CJ Williams

No. 18 – Jacksonville Jaguars
- Position: Wide receiver
- Roster status: Active

Personal information
- Born: October 23, 2003 (age 22) Tuscaloosa, Alabama, U.S.
- Listed height: 6 ft 1 in (1.85 m)
- Listed weight: 205 lb (93 kg)

Career information
- High school: Mater Dei (Santa Ana, California)
- College: USC (2022) Wisconsin (2023–2024) Stanford (2025)
- NFL draft: 2026: 6th round, 203rd overall pick

Career history
- Jacksonville Jaguars (2026–present);

Awards and highlights
- Honorable mention All-ACC (2025); Irving S. Zeimer Award (2025);
- Stats at Pro Football Reference

= CJ Williams (American football) =

American football player (born 2003)

Christian Jerome "CJ" Williams (born October 23, 2003) is an American professional football wide receiver for the Jacksonville Jaguars of the National Football League (NFL). He played college football for the USC Trojans, Wisconsin Badgers and Stanford Cardinal, and was selected by the Jaguars in the sixth round of the 2026 NFL draft.

==Early life==
Williams was born in Tuscaloosa, Alabama, and later moved to California, where he attended and played football at Mater Dei High School in Santa Ana. Playing under head coach Bruce Rollinson, he was part of one of the nation's top high school football programs.

As a senior in 2021, Williams recorded 46 receptions for 775 yards and 12 touchdowns, helping lead Mater Dei to a 12–0 record and national, state Open Division, and CIF Southern Section Division I championships. He earned multiple honors, including PrepStar Dream Team recognition, All-CIF Division 1 honors, and All-Orange County first-team selection.

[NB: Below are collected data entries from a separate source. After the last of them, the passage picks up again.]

lemma chain_sum_append: "chain_sum f (xs @ y # ys) = chain_sum f (xs @ [y]) + chain_sum f (y # ys)"
proof (induction xs)
  case (Cons a xs)
  then show ?case by (cases xs) (auto simp: add.assoc)
qed simp

lemma chain_sum_rev: "chain_sum f (rev xs) = chain_sum (\<lambda>a b. f b a) xs"
proof (induction f xs rule: chain_sum.induct)
  case (1 f a b xs)
  have "chain_sum f (rev (a # b # xs)) = chain_sum f (rev xs @ [b]) + f b a"
    using chain_sum_append[of f "rev xs" b "[a]"] by simp
  with 1 show ?case by (simp add: add.commute)
qed auto

lemma successively_append_Cons:
  "successively R (xs @ y # ys) \<longleftrightarrow> successively R (xs @ [y]) \<and> successively R (y # ys)"
  by (auto simp: successively_append_iff successively_Cons)

lemma sum_ge_term_plus_card:
  fixes g :: "'b \<Rightarrow> real"
  assumes "finite K" "n \<in> K" "\<And>v. v \<in> K \<Longrightarrow> 1 \<le> g v"
  shows "g n + (real (card K) - 1) \<le> sum g K"
proof -
  have "real (card (K - {n})) \<le> sum g (K - {n})"
    using sum_mono[of "K - {n}" "\<lambda>_. 1" g] assms(3) by simp
  moreover have "card (K - {n}) = card K - 1" "card K \<ge> 1"
    using assms(1,2) by (auto simp: Suc_le_eq card_gt_0_iff)
  ultimately show ?thesis using sum.remove[OF assms(1,2), of g] by (simp add: of_nat_diff)
qed

lemma rtranclp_imp_chain:
  "R\<^sup>*\<^sup>* a b \<Longrightarrow> \<exists>ss. ss \<noteq> [] \<and> hd ss = a \<and> last ss = b \<and> (\<forall>i < length ss - 1. R (ss ! i) (ss ! Suc i))"
proof (induction rule: converse_rtranclp_induct)
  case base
  show ?case by (intro exI[of _ "[b]"]) simp
next
  case (step a a')
  then obtain ss where "ss \<noteq> []" "hd ss = a'" "last ss = b" "successively R ss"
    by (auto simp: successively_conv_nth less_diff_conv)
  then have "a # ss \<noteq> [] \<and> hd (a # ss) = a \<and> last (a # ss) = b \<and> successively R (a # ss)"
    using step(1) by (simp add: successively_Cons)
  then show ?case by (auto simp: successively_conv_nth less_diff_conv)
qed

lemma mem_take_if_sorted_less:
  assumes "sorted (map f L)" "y \<in> set L" "k < length L" "f y < f (L ! k)"
  shows "y \<in> set (take k L)"
proof -
  obtain j where j: "j < length L" "L ! j = y" using assms(2) by (meson in_set_conv_nth)
  have "j < k"
  proof (rule ccontr)
    assume "\<not> j < k"
    then have "f (L ! k) \<le> f (L ! j)" using sorted_nth_mono[OF assms(1), of k j] j(1) by simp
    then show False using assms(4) j(2) by simp
  qed
  then show ?thesis using j by (metis in_set_conv_nth length_take min_less_iff_conj nth_take)
qed

lemma tpath_iff: "tpath P E x y xs \<longleftrightarrow> xs \<noteq> [] \<and> hd xs = x \<and> last xs = y \<and> distinct xs
    \<and> set xs \<subseteq> P \<and> successively (\<lambda>a b. {a, b} \<in> E) xs"
  unfolding tpath_def successively_conv_nth by (auto simp: less_diff_conv)

lemma tcycle_iff: "tcycle P E xs \<longleftrightarrow> length xs \<ge> 3 \<and> distinct xs \<and> set xs \<subseteq> P
    \<and> successively (\<lambda>a b. {a, b} \<in> E) xs \<and> {last xs, hd xs} \<in> E"
  unfolding tcycle_def successively_conv_nth by (auto simp: less_diff_conv)

lemma path_weight_eq_chain_sum: "path_weight w xs = chain_sum (\<lambda>a b. w {a, b}) xs"
  unfolding path_weight_def chain_sum_conv_nth ..

lemma greedy_path_iff: "greedy_path d s u v xs \<longleftrightarrow> xs \<noteq> [] \<and> hd xs = u \<and> last xs = v
    \<and> successively (\<lambda>a b. b \<in> s a \<and> d b v < d a v) xs"
  unfolding greedy_path_def successively_conv_nth by (auto simp: less_diff_conv)

lemma greedy_len_eq_chain_sum: "greedy_len d xs = chain_sum d xs"
  unfolding greedy_len_def chain_sum_conv_nth ..

lemma greedy_path_Cons_Cons:
  "greedy_path d s x v (x # y # ys) \<longleftrightarrow> y \<in> s x \<and> d y v < d x v \<and> greedy_path d s y v (y # ys)"
  by (auto simp: greedy_path_iff)

lemma greedy_path_single: "greedy_path d s x v [x] \<longleftrightarrow> x = v"
  by (auto simp: greedy_path_iff)

lemma greedy_path_ConsE:
  assumes "greedy_path d s x v xs"
  obtains ys where "xs = x # ys"
  using assms by (cases xs) (auto simp: greedy_path_iff)

lemma greedy_len_Cons_Cons: "greedy_len d (x # y # ys) = d x y + greedy_len d (y # ys)"
  by (simp add: greedy_len_eq_chain_sum)

lemma greedy_len_single: "greedy_len d [x] = 0"
  by (simp add: greedy_len_eq_chain_sum)

lemma greedy_path_fun_upd:
  "u \<notin> set xs \<Longrightarrow> greedy_path d (s(u := A)) x v xs \<longleftrightarrow> greedy_path d s x v xs"
  unfolding greedy_path_iff by (intro conj_cong refl successively_cong) auto

lemma valid_profile_fun_upd:
  "valid_profile P s \<Longrightarrow> u \<in> P \<Longrightarrow> A \<subseteq> P - {u} \<Longrightarrow> valid_profile P (s(u := A))"
  unfolding valid_profile_def by auto

lemma greedy_path_props:
  assumes "greedy_path d s x v xs" "valid_profile P s" "x \<in> P"
  shows "set xs \<subseteq> P \<and> distinct xs \<and> (\<forall>y\<in>set xs. d y v \<le> d x v)"
  using assms
proof (induction xs arbitrary: x)
  case (Cons x' xs)
  then have "x' = x" by (simp add: greedy_path_iff)
  show ?case
  proof (cases xs)
    case Nil
    then show ?thesis using \<open>x' = x\<close> Cons.prems by simp
  next
    case (Cons y ys)
    then have y: "y \<in> s x" "d y v < d x v" "greedy_path d s y v (y # ys)"
      using Cons.prems(1) \<open>x' = x\<close> greedy_path_Cons_Cons by metis+
    have "y \<in> P" using y(1) Cons.prems(2,3) unfolding valid_profile_def by blast
    then have "set (y # ys) \<subseteq> P \<and> distinct (y # ys) \<and> (\<forall>z\<in>set (y # ys). d z v \<le> d y v)"
      using Cons.IH y(3) Cons.prems(2) Cons by blast
    then show ?thesis using y(2) \<open>x' = x\<close> Cons Cons.prems(3) by force
  qed
qed (simp add: greedy_path_iff)

lemma finite_greedy_paths:
  assumes "finite P" "valid_profile P s" "u \<in> P"
  shows "finite {xs. greedy_path d s u v xs}"
proof (rule finite_subset)
  show "{xs. greedy_path d s u v xs} \<subseteq> {xs. set xs \<subseteq> P \<and> length xs \<le> card P}"
  proof
    fix xs assume "xs \<in> {xs. greedy_path d s u v xs}"
    then have "set xs \<subseteq> P" "distinct xs" using greedy_path_props[OF _ assms(2,3)] by blast+
    then show "xs \<in> {xs. set xs \<subseteq> P \<and> length xs \<le> card P}"
      using card_mono[OF assms(1)] by (simp flip: distinct_card)
  qed
  show "finite {xs. set xs \<subseteq> P \<and> length xs \<le> card P}"
    using finite_lists_length_le[OF assms(1)] by blast
qed

lemma stretch_unreachable: "\<not> (\<exists>xs. greedy_path d s u v xs) \<Longrightarrow> stretch d Z s u v = Z"
  unfolding stretch_def by (rule if_not_P)

lemma stretch_attained:
  assumes "finite P" "valid_profile P s" "u \<in> P" "greedy_path d s u v xs"
  obtains ys where "greedy_path d s u v ys" "stretch d Z s u v = greedy_len d ys / d u v"
    "\<And>zs. greedy_path d s u v zs \<Longrightarrow> greedy_len d ys \<le> greedy_len d zs"
proof -
  let ?L = "{greedy_len d xs | xs. greedy_path d s u v xs}"
  have "finite ?L" using finite_greedy_paths[OF assms(1-3)] by simp
  moreover have "?L \<noteq> {}" using assms(4) by blast
  ultimately have "Min ?L \<in> ?L" by (rule Min_in)
  then obtain ys where ys: "greedy_path d s u v ys" "Min ?L = greedy_len d ys" by auto
  show ?thesis
  proof (rule that[OF ys(1)])
    have "stretch d Z s u v = Min ?L / d u v"
      unfolding stretch_def by (rule if_P) (use assms(4) in blast)
    then show "stretch d Z s u v = greedy_len d ys / d u v" using ys(2) by simp
    show "greedy_len d ys \<le> greedy_len d zs" if "greedy_path d s u v zs" for zs
    proof -
      have "greedy_len d zs \<in> ?L" using that by blast
      then have "Min ?L \<le> greedy_len d zs" by (rule Min_le[OF \<open>finite ?L\<close>])
      then show ?thesis using ys(2) by simp
    qed
  qed
qed

section \<open>Tree metrics\<close>

locale weighted_tree =
  fixes P :: "'a set" and E :: "'a set set" and w :: "'a set \<Rightarrow> real"
  assumes spanning: "spanning_tree P E" and weight_pos: "\<And>e. e \<in> E \<Longrightarrow> w e > 0"
begin

abbreviation tree_walk :: "'a list \<Rightarrow> bool" where
  "tree_walk \<equiv> successively (\<lambda>a b. {a, b} \<in> E)"

lemma edge_endpoints: "{a, b} \<in> E \<Longrightarrow> a \<in> P \<and> b \<in> P \<and> a \<noteq> b"
  using spanning unfolding spanning_tree_def edges_on_def by (fastforce simp: doubleton_eq_iff)

lemma tree_walk_rev: "tree_walk (rev xs) \<longleftrightarrow> tree_walk xs"
  by (simp add: insert_commute)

Williams was a three-time All-Trinity League selection and a two-time All-State honoree. He was also a finalist for the Maxwell Football Club National High School Player of the Year and participated in the U.S. Army All-American Bowl. In addition to football, he competed briefly in track and field.

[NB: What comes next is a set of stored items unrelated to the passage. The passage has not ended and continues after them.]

lemma pdyy_F: "pdy (pdy F) x y = potential y * F x y"
proof -
  obtain l where l: "\<And>x y. pdy (pdy F) x y = l y * F x y"
    using pdyy_F_proportional by blast
  have pdxxy: "pdy (pdx (pdx F)) x y = potential x * pdy F x y" for x y
  proof -
    have "pdx (pdx F) x = (\<lambda>t. potential x * F x t)"
      by (simp add: pdxx_F fun_eq_iff)
    then show ?thesis
      using DERIV_imp_deriv[OF DERIV_cmult[OF has_pdy[OF iter_partials.base, where x = x and y = y],
            where c = "potential x"]]
      unfolding pdy_def by simp
  qed
  have pdyyx: "pdx (pdy (pdy F)) x y = l y * pdx F x y" for x y
  proof -
    have "(\<lambda>s. pdy (pdy F) s y) = (\<lambda>s. l y * F s y)"
      by (simp add: l)
    then show ?thesis
      using DERIV_imp_deriv[OF DERIV_cmult[OF has_pdx[OF iter_partials.base, where x = x and y = y],
            where c = "l y"]]
      unfolding pdx_def by simp
  qed
  have "pdy (pdx F) t t = 0" for t
    using diagonal_partials_cancel[of "pdx F", OF _ pdx_F_diagonal, of t] pdxx_F[of t t] F_diagonal[of t]
    by simp
  then have diagonal: "pdx (pdy (pdx F)) z z + pdy (pdy (pdx F)) z z = 0" for z
    by (rule diagonal_partials_cancel[rotated]) simp
  have "pdx (pdy (pdx F)) = pdy (pdx (pdx F))" "pdy (pdy (pdx F)) = pdx (pdy (pdy F))"
    using pdx_pdy_commute[of F] pdx_pdy_commute[of "pdx F"] pdx_pdy_commute[of "pdy F"] by simp_all
  then have "l z = potential z" for z
    using diagonal[of z] pdxxy[of z z] pdyyx[of z z] pdy_F_diagonal[of z] pdx_F_diagonal[of z] by simp
  then show ?thesis
    using l by simp
qed

lemma potential_periodic: "potential (x + T) = potential x"
proof -
  have "F x (x + T/2) > 0"
    using F_pos period_pos by simp
  moreover have "pdx (pdx F) (x + T) (x + T/2) = - pdx (pdx F) x (x + T/2)"
    using iter_partials_antiperiodic[of "pdx (pdx F)"] by simp
  ultimately show ?thesis
    using pdxx_F[of "x + T" "x + T/2"] pdxx_F[of x "x + T/2"] F_antiperiodic_x[of x "x + T/2"] by simp
qed

lemma hill_solution_antiperiodic:
  assumes "\<And>t. (u has_real_derivative u' t) (at t)"
    and "\<And>t. (u' has_real_derivative potential t * u t) (at t)"
  shows "u (t + T) = - u t"
proof -
  have "(pdy F t has_real_derivative potential s * F t s) (at s)" for s
    using has_pdy[of "pdy F" t s] by (simp add: pdyy_F)
  then have "F t s * u' s - pdy F t s * u s = F t t * u' t - pdy F t t * u t" for s
    by (rule hill_wronskian_constant[OF assms has_pdy[OF iter_partials.base]])
  from this[of "t + T"] show ?thesis
    using F_antiperiodic_y[of t t] iter_partials_antiperiodic[of "pdy F" t t]
    by (simp add: F_diagonal pdy_F_diagonal)
qed

end

theorem mainTheorem2:
  fixes T :: real and F :: "real \<Rightarrow> real \<Rightarrow> real"
  assumes "closed_frieze T F"
  shows "\<exists>k :: real \<Rightarrow> real. (\<forall>x. k (x + T) = k x) \<and>
     (\<forall>x y. pdx (pdx F) x y = k x * F x y \<and> pdy (pdy F) x y = k y * F x y) \<and>
     (\<forall>u u'. (\<forall>t. (u has_real_derivative u' t) (at t) \<and>
                   (u' has_real_derivative k t * u t) (at t))
             \<longrightarrow> (\<forall>t. u (t + T) = - u t))"
proof -
  interpret closed_frieze_pattern T F
    using assms by unfold_locales
  show ?thesis
    using potential_periodic pdxx_F pdyy_F hill_solution_antiperiodic by blast
qed

end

A highly regarded recruit, Williams enrolled early at the University of Southern California in spring 2022.

==College career==
===USC===
As a true freshman at USC in 2022, Williams appeared in 11 games and recorded four receptions for 34 yards.

===Wisconsin===
Williams transferred to the Wisconsin prior to the 2023 season and entered the program as one of the highest-rated wide receiver transfers in school history, having been a four-star recruit in the 2022 class.

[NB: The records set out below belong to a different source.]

lemma transfinite_chain:
  fixes k :: "'k rel" and D :: "'k \<Rightarrow> ('a \<rightharpoonup> 'b) set"
  assumes k: "card_order k" and S: "chains_bounded k S"
    and D: "\<And>\<alpha>. D \<alpha> \<subseteq> S" and dense: "\<And>\<alpha> s. s \<in> S \<Longrightarrow> \<exists>t\<in>D \<alpha>. s \<subseteq>\<^sub>m t"
  shows "\<exists>g. (\<forall>\<alpha>. g \<alpha> \<in> D \<alpha>) \<and> (\<forall>\<alpha> \<beta>. (\<beta>, \<alpha>) \<in> k \<longrightarrow> g \<beta> \<subseteq>\<^sub>m g \<alpha>)"
proof -
  have wo: "wo_rel k" by (rule wo_rel_if_card_order[OF k])
  define ub where "ub C = (SOME u. u \<in> S \<and> (\<forall>c\<in>C. c \<subseteq>\<^sub>m u))" for C
  define ext where "ext \<alpha> s = (SOME t. t \<in> D \<alpha> \<and> s \<subseteq>\<^sub>m t)" for \<alpha> s
  have ext: "ext \<alpha> s \<in> D \<alpha> \<and> s \<subseteq>\<^sub>m ext \<alpha> s" if "s \<in> S" for \<alpha> s
  proof -
    have "\<exists>t. t \<in> D \<alpha> \<and> s \<subseteq>\<^sub>m t" using dense[OF that] by blast
    then show ?thesis unfolding ext_def by (rule someI_ex)
  qed
  define H where "H g \<alpha> = ext \<alpha> (ub (g ` underS k \<alpha>))" for g \<alpha>
  have adm: "wo_rel.adm_wo k H" unfolding wo_rel.adm_wo_def[OF wo] H_def by (metis image_cong)
  define g where "g = wo_rel.worec k H"
  have g: "g \<alpha> = ext \<alpha> (ub (g ` underS k \<alpha>))" for \<alpha>
    using wo_rel.worec_fixpoint[OF wo adm] unfolding g_def H_def by metis
  have inv: "g \<alpha> \<in> D \<alpha> \<and> (\<forall>\<beta>\<in>underS k \<alpha>. g \<beta> \<subseteq>\<^sub>m g \<alpha>)" for \<alpha>
  proof (induction \<alpha> rule: wo_rel.well_order_induct[OF wo])
    case (1 \<alpha>)
    let ?C = "g ` underS k \<alpha>"
    have IH: "g \<beta> \<in> S \<and> (\<forall>\<gamma>\<in>underS k \<beta>. g \<gamma> \<subseteq>\<^sub>m g \<beta>)" if "\<beta> \<in> underS k \<alpha>" for \<beta>
      using 1 D that unfolding underS_def by blast
    have "Complete_Partial_Order.chain (\<subseteq>\<^sub>m) ?C"
    proof (rule chain_image_card_order[OF k])
      fix \<beta> \<gamma> assume \<beta>\<gamma>: "\<beta> \<in> underS k \<alpha>" "\<gamma> \<in> underS k \<alpha>" "(\<beta>, \<gamma>) \<in> k"
      show "g \<beta> \<subseteq>\<^sub>m g \<gamma>"
      proof (cases "\<beta> = \<gamma>")
        case False
        then have "\<beta> \<in> underS k \<gamma>" using \<beta>\<gamma>(3) unfolding underS_def by blast
        then show ?thesis using IH \<beta>\<gamma>(2) by blast
      qed (simp add: map_le_refl)
    qed
    moreover have "?C \<subseteq> S" using IH by blast
    moreover have "|?C| <o k"
      by (rule ordLeq_ordLess_trans[OF card_of_image card_of_underS_ordLess[OF k]])
    ultimately have "\<exists>u. u \<in> S \<and> (\<forall>c\<in>?C. c \<subseteq>\<^sub>m u)" using S unfolding chains_bounded_def by blast
    then have ub: "ub ?C \<in> S \<and> (\<forall>c\<in>?C. c \<subseteq>\<^sub>m ub ?C)" unfolding ub_def by (rule someI_ex)
    then have "g \<alpha> \<in> D \<alpha> \<and> ub ?C \<subseteq>\<^sub>m g \<alpha>" using g ext by metis
    then show ?case using ub map_le_trans by blast
  qed
  have "g \<beta> \<subseteq>\<^sub>m g \<alpha>" if "(\<beta>, \<alpha>) \<in> k" for \<alpha> \<beta>
  proof (cases "\<beta> = \<alpha>")
    case False
    then show ?thesis using inv that unfolding underS_def by blast
  qed (simp add: map_le_refl)
  then show ?thesis using inv by blast
qed

locale cylinder_space =
  fixes S :: "('a \<rightharpoonup> 'b) set"
  assumes covers: "\<exists>s\<in>S. f \<in> cyl s"
    and directed: "s \<in> S \<Longrightarrow> u \<in> S \<Longrightarrow> f \<in> cyl s \<Longrightarrow> f \<in> cyl u \<Longrightarrow> \<exists>t\<in>S. s \<subseteq>\<^sub>m t \<and> u \<subseteq>\<^sub>m t \<and> f \<in> cyl t"
begin

abbreviation cyl_topology :: "('a \<Rightarrow> 'b) topology" where
  "cyl_topology \<equiv> topology_generated_by (cyl ` S)"

lemma Union_cyl_eq_UNIV [simp]: "\<Union>(cyl ` S) = UNIV"
  using covers by blast

lemma topspace_cyl_topology: "topspace cyl_topology = UNIV"
  by simp

lemma openin_cyl: "s \<in> S \<Longrightarrow> openin cyl_topology (cyl s)"
  by (simp add: topology_generated_by_Basis)

lemma openin_cyl_topology_imp_cyl_subset:
  assumes "openin cyl_topology U" and "f \<in> U"
  shows "\<exists>s\<in>S. f \<in> cyl s \<and> cyl s \<subseteq> U"
proof -
  have "generate_topology_on (cyl ` S) U"
    using assms(1) openin_topology_generated_by_iff by blast
  then show ?thesis using assms(2)
  proof (induction arbitrary: f rule: generate_topology_on.induct)
    case (Int a b)
    then obtain s u where "s \<in> S" "f \<in> cyl s" "cyl s \<subseteq> a" and "u \<in> S" "f \<in> cyl u" "cyl u \<subseteq> b"
      by blast
    moreover obtain t where "t \<in> S" "s \<subseteq>\<^sub>m t" "u \<subseteq>\<^sub>m t" "f \<in> cyl t"
      using directed calculation by blast
    ultimately show ?case using cyl_antimono by blast
  qed blast+
qed

lemma nowhere_dense_in_avoid:
  assumes nd: "nowhere_dense_in cyl_topology N" and s: "s \<in> S"
  shows "\<exists>t\<in>S. s \<subseteq>\<^sub>m t \<and> cyl t \<inter> N = {}"
proof -
  let ?N = "cyl_topology closure_of N"
  have "\<not> cyl s \<subseteq> ?N"
  proof
    assume "cyl s \<subseteq> ?N"
    then have "cyl s \<subseteq> cyl_topology interior_of ?N" by (rule interior_of_maximal[OF _ openin_cyl[OF s]])
    then show False using nd cyl_nonempty unfolding nowhere_dense_in_def by blast
  qed
  then obtain f where f: "f \<in> cyl s - ?N" by blast
  have "openin cyl_topology (cyl s - ?N)" by (rule openin_diff[OF openin_cyl[OF s] closedin_closure_of])
  then obtain u where u: "u \<in> S" "f \<in> cyl u" "cyl u \<subseteq> cyl s - ?N"
    using openin_cyl_topology_imp_cyl_subset f by blast
  obtain t where t: "t \<in> S" "s \<subseteq>\<^sub>m t" "u \<subseteq>\<^sub>m t"
    using directed[OF s u(1)] f u(2) by blast
  have "N \<subseteq> ?N" by (rule closure_of_subset) simp
  then show ?thesis using t u cyl_antimono[OF t(3)] by blast
qed

lemma open_dense_if_dense_conditions:
  assumes "D \<subseteq> S" and dense: "\<And>s. s \<in> S \<Longrightarrow> \<exists>t\<in>D. s \<subseteq>\<^sub>m t"
  shows "openin cyl_topology (\<Union>(cyl ` D)) \<and> cyl_topology closure_of \<Union>(cyl ` D) = UNIV"
proof
  show "openin cyl_topology (\<Union>(cyl ` D))" using assms(1) openin_cyl by blast
  have "\<Union>(cyl ` D) \<inter> V \<noteq> {}" if V: "openin cyl_topology V" "V \<noteq> {}" for V
  proof -
    obtain f where "f \<in> V" using V(2) by blast
    then obtain s where s: "s \<in> S" "cyl s \<subseteq> V" using openin_cyl_topology_imp_cyl_subset V(1) by blast
    obtain t where t: "t \<in> D" "s \<subseteq>\<^sub>m t" using dense[OF s(1)] by blast
    show ?thesis using t s cyl_antimono[OF t(2)] cyl_nonempty[of t] by blast
  qed
  then show "cyl_topology closure_of \<Union>(cyl ` D) = UNIV"
    using dense_intersects_open[of cyl_topology "\<Union>(cyl ` D)"] by simp
qed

In 2023, he played in all 13 games and made one start, totaling 15 receptions for 148 yards. He recorded a then-career-high five catches for 56 yards against Purdue and made his first collegiate start against Indiana. During the season, he was part of a rotation-heavy wide receiver group and saw inconsistent but steady playing time as he adjusted to Wisconsin's new offensive system under coordinator Phil Longo.

Williams' competitive playing style and high internal expectations were frequently noted by coaches and teammates, who described him as an intense competitor still adapting to a crowded receiver room and evolving offensive roles. Despite limited volume, he remained involved in the rotation and was used in both short and downfield passing situations.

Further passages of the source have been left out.